Records from a collection
___

lemma corrected_energy_seq_tendsto_pos: "\<exists>c>0. corrected_energy_seq w \<longlonglongrightarrow> c"
proof -
  let ?T = "corrected_energy_seq w" and ?K = "14 + 12 * \<bar>w\<bar>"
  define e where "e m = 4 * ?K * (\<bar>(\<gamma> (Suc (Suc m)) - \<gamma> (Suc m)) - (\<gamma> (Suc m) - \<gamma> m)\<bar> / \<gamma> m
    + \<bar>\<gamma> (Suc (Suc m)) - \<gamma> (Suc m)\<bar> / (\<gamma> m)\<^sup>2)" for m
  obtain N where N: "\<And>m. N \<le> m \<Longrightarrow> \<gamma> m * consecutive_sq w m / 4 \<le> ?T m
     \<and> \<bar>?T (Suc m) - ?T m\<bar> \<le> ?K * (\<bar>(\<gamma> (Suc (Suc m)) - \<gamma> (Suc m)) - (\<gamma> (Suc m) - \<gamma> m)\<bar>
             + \<bar>\<gamma> (Suc (Suc m)) - \<gamma> (Suc m)\<bar> / \<gamma> m) * consecutive_sq w m"
    using eventually_corrected_energy_bounds[of w] unfolding eventually_sequentially by blast
  have T_pos: "0 < ?T m" if "N \<le> m" for m
    using N[OF that] mult_pos_pos[OF pos[of m] consecutive_sq_pos[of w m]] by linarith
  have "\<bar>?T (Suc m) - ?T m\<bar> \<le> e m * ?T m" if "N \<le> m" for m
  proof -
    let ?C = "?K * (\<bar>(\<gamma> (Suc (Suc m)) - \<gamma> (Suc m)) - (\<gamma> (Suc m) - \<gamma> m)\<bar>
             + \<bar>\<gamma> (Suc (Suc m)) - \<gamma> (Suc m)\<bar> / \<gamma> m)"
    have "consecutive_sq w m \<le> 4 * ?T m / \<gamma> m"
      using N[OF that] pos[of m] by (simp add: field_simps)
    moreover have "0 \<le> ?C" using pos[of m] by auto
    ultimately have "?C * consecutive_sq w m \<le> ?C * (4 * ?T m / \<gamma> m)" by (rule mult_left_mono)
    also have "\<dots> = e m * ?T m" using pos[of m] by (simp add: e_def field_simps power2_eq_square)
    finally show ?thesis using N[OF that] by linarith
  qed
  moreover have "summable e"
    unfolding e_def using summable_second_increment summable_shifted_increment
    by (intro summable_mult summable_add)
  ultimately show ?thesis using T_pos by (intro tendsto_pos_if_summable_relative_increments[of N]) auto
qed

lemma weighted_energy_tendsto_pos: "\<exists>c>0. (\<lambda>n. \<gamma> n * consecutive_sq w n) \<longlonglongrightarrow> c"
proof -
  let ?T = "corrected_energy_seq w" and ?\<beta> = "\<lambda>n. \<gamma> n * consecutive_sq w n"
  obtain c where "0 < c" and c: "?T \<longlonglongrightarrow> c" using corrected_energy_seq_tendsto_pos by blast
  have "eventually (\<lambda>m. norm (?\<beta> m - ?T m)
      \<le> ((2 * \<bar>w\<bar> + 16 * \<bar>\<gamma> (Suc m) - \<gamma> m\<bar>) / \<gamma> m) * ?T m) sequentially"
    using eventually_corrected_energy_bounds[of w]
  proof eventually_elim
    case (elim m)
    let ?u = "consecutive_sq w m"
    let ?R = "energy (\<gamma> m) w (p m w) (p (Suc m) w)"
    have "\<bar>?\<beta> m - ?T m\<bar> \<le> \<bar>?\<beta> m - ?R\<bar> + \<bar>?T m - ?R\<bar>"
      using abs_triangle_ineq4[of "?\<beta> m - ?R" "?T m - ?R"] by simp
    also have "\<dots> \<le> \<bar>w\<bar> * ?u / 2 + 4 * \<bar>\<gamma> (Suc m) - \<gamma> m\<bar> * ?u"
      using abs_cross_term_le[of w "\<bar>w\<bar>"] elim
      by (intro add_mono) (simp_all add: consecutive_sq_def energy_def)
    also have "\<dots> = (\<bar>w\<bar> / 2 + 4 * \<bar>\<gamma> (Suc m) - \<gamma> m\<bar>) * ?u" by (simp add: algebra_simps)
    also have "\<dots> \<le> (\<bar>w\<bar> / 2 + 4 * \<bar>\<gamma> (Suc m) - \<gamma> m\<bar>) * (4 * ?T m / \<gamma> m)"
      using elim pos[of m] by (intro mult_left_mono) (auto simp: field_simps)
    also have "\<dots> = ((2 * \<bar>w\<bar> + 16 * \<bar>\<gamma> (Suc m) - \<gamma> m\<bar>) / \<gamma> m) * ?T m"
      using pos[of m] by (simp add: field_simps)
    finally show ?case by simp
  qed
  moreover have "(\<lambda>m. ((2 * \<bar>w\<bar> + 16 * \<bar>\<gamma> (Suc m) - \<gamma> m\<bar>) / \<gamma> m) * ?T m) \<longlonglongrightarrow> 0"
    using tendsto_mult[OF tendsto_mult[OF tendsto_add[OF tendsto_const
        tendsto_mult[OF tendsto_const tendsto_rabs_zero[OF increment_tendsto_zero]]]
        tendsto_inverse_0_at_top[OF unbounded]] c]
    by (simp add: divide_inverse)
  ultimately have "(\<lambda>m. ?\<beta> m - ?T m) \<longlonglongrightarrow> 0" by (rule Lim_null_comparison)
  from tendsto_add[OF this c] \<open>0 < c\<close> show ?thesis by auto
qed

___

| What you will do |
Reproduce every line above that contains the string "moreover".

| Exercise output |
    moreover have "0 \<le> ?C" using pos[of m] by auto
  moreover have "summable e"
  moreover have "(\<lambda>m. ((2 * \<bar>w\<bar> + 16 * \<bar>\<gamma> (Suc m) - \<gamma> m\<bar>) / \<gamma> m) * ?T m) \<longlonglongrightarrow> 0"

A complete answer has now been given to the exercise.